In a recent issue of the New England Journal of Medicine (2004;351:1323-1331), there was a review article on the diagnosis and management of Bell's palsy. In keeping with the tradition of certain major medical journals of either ignoring or misrepresenting the evidence supporting natural therapies, this article did not mention that intramuscular vitamin B12 appears to be an effective treatment.

[ILLUSTRATION OMITTED]

In a 1959 report, two patients with Bell's palsy of 1.5 and 4 years' duration, respectively, experienced complete or almost complete recovery within 20 days after beginning a series of daily or every-other-day cyanocobalamin injections. More recently, methylcobalamin (500 mcg intramuscularly, 3 times a week) was compared with prednisolone and with the combination of methylcobalamin and prednisolone in a randomized trial. The mean time until complete recovery of facial nerve function was significantly less (p < 0.001) in patients receiving methylcobalamin (1.95 weeks) or methylcobalamin plus prednisolone (2.05 weeks) than in those receiving prednisolone alone (9.60 weeks).

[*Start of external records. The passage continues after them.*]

lemma rotate_list_update:
  assumes "j < length xs" "(r + j) mod length xs = i"
  shows "(rotate r xs)[j := v] = rotate r (xs[i := v])"
proof (rule nth_equalityI)
  have "0 < length xs" using le_less_trans[OF le0 assms(1)] .
  then have i: "i < length xs" using assms(2) by auto
  fix m assume m: "m < length ((rotate r xs)[j := v])"
  then have "(r + m) mod length xs = i \<longleftrightarrow> m = j"
    using add_mod_inj[of m "length xs" j r] assms by auto
  with i m show "(rotate r xs)[j := v] ! m = rotate r (xs[i := v]) ! m"
    by (auto simp: nth_rotate nth_list_update)
qed simp

lemma zip_rotate:
  assumes "length xs = length ys"
  shows "zip (rotate r xs) (rotate r ys) = rotate r (zip xs ys)"
proof (rule nth_equalityI)
  fix m assume m: "m < length (zip (rotate r xs) (rotate r ys))"
  then have "0 < length ys" by (cases ys) auto
  then have "(r + m) mod length ys < length ys" by simp
  with m assms show "zip (rotate r xs) (rotate r ys) ! m = rotate r (zip xs ys) ! m"
    by (simp add: nth_rotate)
qed (use assms in simp)

text \<open>Row 3 remembers where column 1 was, so realigning it after the second shuffle undoes
  both shuffles.\<close>

lemma chosen_cut_eq_Some:
  assumes i: "i < length xs" and len: "length zs = length xs"
    and use: "\<And>j. j < length xs \<Longrightarrow> (r1 + j) mod length xs = i
                \<Longrightarrow> use (rotate r1 xs) j = Some (rotate r1 zs, b)"
  shows "chosen_cut r1 r2 xs i use = Some (zs, b)"
proof -
  define q where "q = length xs"
  define row2 where "row2 = map (\<lambda>j. if j = i then Num 1 else Num 0) [0..<q]"
  define row3 where "row3 = map (\<lambda>j. if j = 0 then Num 1 else Num 0) [0..<q]"
  define M1 where "M1 = rotate r1 (zip xs (zip row2 row3))"
  define M2 where "M2 = rotate r2 (zip (rotate r1 zs) (map snd M1))"
  have q: "0 < q" using i q_def by linarith
  have "(\<lambda>j. j < q \<and> fst (snd (M1 ! j)) = Num 1) = (\<lambda>j. j < q \<and> (r1 + j) mod q = i)"
    using q by (intro ext) (auto simp: M1_def row2_def row3_def q_def nth_rotate split: if_splits)
  then obtain p where p: "p = (LEAST j. j < q \<and> fst (snd (M1 ! j)) = Num 1)"
    and "p < q" "(r1 + p) mod q = i"
    using Least_add_mod_eq[of i q r1] i q_def by simp
  then have use_p: "use (map fst M1) p = Some (rotate r1 zs, b)"
    using use by (simp add: M1_def row2_def row3_def q_def rotate_map[symmetric])
  have M2: "M2 = rotate (r2 + r1) (zip zs (zip row2 row3))"
    using len by (simp add: M2_def M1_def row2_def row3_def q_def rotate_map[symmetric]
        zip_rotate rotate_rotate)
  have "(\<lambda>j. j < q \<and> snd (snd (M2 ! j)) = Num 1) = (\<lambda>j. j < q \<and> (r2 + r1 + j) mod q = 0)"
    using q len by (intro ext) (auto simp: M2 row2_def row3_def q_def nth_rotate split: if_splits)
  then obtain p3 where p3: "p3 = (LEAST j. j < q \<and> snd (snd (M2 ! j)) = Num 1)"
    and "(r2 + r1 + p3) mod q = 0"
    using Least_add_mod_eq[of 0 q "r2 + r1"] q by simp
  then have "rotate p3 M2 = zip zs (zip row2 row3)"
    using len by (simp add: M2 rotate_rotate row2_def row3_def q_def ac_simps)
  then have "map fst (rotate p3 M2) = zs"
    using len by (simp add: row2_def row3_def q_def)
  then show ?thesis
    using use_p p p3 unfolding chosen_cut_def Let_def
    by (simp add: q_def[symmetric] row2_def[symmetric] row3_def[symmetric]
        M1_def[symmetric] M2_def[symmetric])
qed

lemma chosen_cut_put_back:
  assumes i: "i < length xs" and "xs ! i = x" "f x = Some b"
  shows "chosen_cut r1 r2 xs i
           (\<lambda>ys p. case f (ys ! p) of None \<Rightarrow> None | Some c \<Rightarrow> Some (ys[p := x], c))
         = Some (xs, b)"
proof (rule chosen_cut_eq_Some[OF i refl])
  fix j assume j: "j < length xs" "(r1 + j) mod length xs = i"
  then have "rotate r1 xs ! j = x" using assms(2) by (simp add: nth_rotate)
  moreover have "(rotate r1 xs)[j := x] = rotate r1 xs"
    using rotate_list_update[OF j, of x] assms(2) by (metis list_update_id)
  ultimately show "(case f (rotate r1 xs ! j) of None \<Rightarrow> None
                     | Some c \<Rightarrow> Some ((rotate r1 xs)[j := x], c)) = Some (rotate r1 xs, b)"
    using assms(3) by simp
qed

lemma print_stack_blank:
  assumes "t = Blank \<or> a = Blank"
  shows "print_stack rr t a = Some (if t = Blank then a else t)"
proof -
  define i :: nat where "i = (if t = Blank then 0 else 1)"
  define zs where "zs = [Some t, Some a][i := None]"
  have "chosen_cut (fst rr) (snd rr) [Some t, Some a] i
          (\<lambda>ys p. case ys ! p of
                    Some c \<Rightarrow> if c = Blank then Some (ys[p := None], ()) else None
                  | None \<Rightarrow> None) = Some (zs, ())"
  proof (rule chosen_cut_eq_Some)
    fix j assume j: "j < length [Some t, Some a]" "(fst rr + j) mod length [Some t, Some a] = i"
    have "rotate (fst rr) [Some t, Some a] ! j = Some Blank"
      using j assms by (auto simp: nth_rotate i_def)
    moreover have "(rotate (fst rr) [Some t, Some a])[j := None] = rotate (fst rr) zs"
      using rotate_list_update[OF j] zs_def by simp
    ultimately show "(case rotate (fst rr) [Some t, Some a] ! j of
                        Some c \<Rightarrow> if c = Blank
                          then Some ((rotate (fst rr) [Some t, Some a])[j := None], ()) else None
                      | None \<Rightarrow> None) = Some (rotate (fst rr) zs, ())"
      by simp
  qed (auto simp: i_def zs_def)
  then show ?thesis
    unfolding print_stack_def by (auto simp: i_def zs_def)
qed

lemma print_seq_rotate:
  assumes "0 < length xs" "(r + p) mod length xs = i"
  shows "print_seq R n w tpl p L (rotate r xs)
           = map_option (rotate r) (print_seq R n w tpl i L xs)"
  using assms
proof (induction L arbitrary: xs)
  case (Cons ab L)
  obtain a b where ab: "ab = (a, b)" by (cases ab)
  define j where "j = (p + a * w + b) mod length xs"
  define k where "k = (i + a * w + b) mod length xs"
  have "(r + j) mod length xs = ((r + p) mod length xs + (a * w + b)) mod length xs"
    by (simp add: j_def mod_simps add.assoc)
  then have j: "j < length xs" "(r + j) mod length xs = k"
    using Cons.prems by (simp_all add: j_def k_def add.assoc)
  then have "rotate r xs ! j = xs ! k" by (simp add: nth_rotate)
  moreover have "(rotate r xs)[j := c] = rotate r (xs[k := c])" for c
    using rotate_list_update[OF j] .
  moreover have "print_seq R n w tpl p L (rotate r (xs[k := c]))
      = map_option (rotate r) (print_seq R n w tpl i L (xs[k := c]))" for c
    using Cons.IH[of "xs[k := c]"] Cons.prems by simp
  ultimately show ?case
    by (simp add: ab Let_def j_def[symmetric] k_def[symmetric] split: option.split)
qed simp

definition board :: "nat \<Rightarrow> (nat \<times> nat) set \<Rightarrow> card list" where
  "board w U = map (\<lambda>x. if x \<in> U then Num 1 else Blank) (List.product [0..<w] [0..<w])"

lemma length_board [simp]: "length (board w U) = w * w"
  by (simp add: board_def)

lemma nth_board:
  assumes "k < w * w"
  shows "board w U ! k = (if (k div w, k mod w) \<in> U then Num 1 else Blank)"
proof -
  have "k div w < w" "k mod w < w"
    using assms less_mult_imp_div_less[of k w w] by (auto intro: mod_less_divisor)
  then show ?thesis using assms by (simp add: board_def product_nth)
qed

lemma board_nth:
  assumes "x < w" "y < w"
  shows "board w U ! (x * w + y) = (if (x, y) \<in> U then Num 1 else Blank)"
  using assms mult_add_less_mult[OF assms] by (simp add: nth_board)

lemma board_update:
  assumes "x < w" "y < w"
  shows "(board w U)[x * w + y := Num 1] = board w (insert (x, y) U)"
proof (rule nth_equalityI)
  fix k assume "k < length ((board w U)[x * w + y := Num 1])"
  then have k: "k < w * w" by simp
  have "x * w + y = k \<longleftrightarrow> (k div w, k mod w) = (x, y)"
  proof
    assume "(k div w, k mod w) = (x, y)"
    then show "x * w + y = k" by (metis div_mult_mod_eq prod.inject)
  qed (use assms in auto)
  then show "(board w U)[x * w + y := Num 1] ! k = board w (insert (x, y) U) ! k"
    using k mult_add_less_mult[OF assms] by (auto simp: nth_board nth_list_update)
qed simp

Comment: I sent a letter to NEJM, pointing out the potential importance of this safe and inexpensive alternative to acyclovir and glucocorticoids. While it has been my experience that sending letters to NEJM or JAMA typically results in a polite rejection letter, on rare occasions these journals behave unpredictably and actually publish my letter. So, I keep writing letters, because variable-interval reinforcement is difficult to extinguish, and because if you don't try to promote an attitude shift, you don't have a right to complain. Actually, complaining has gotten to be less fun over the years, but the need to set a dysfunctional healthcare system straight remains.

Mitra M, Nandi AK. Cyanocobalamin in chronic Bell's paisy. J Indian Med Assoc 1959;33:129-31.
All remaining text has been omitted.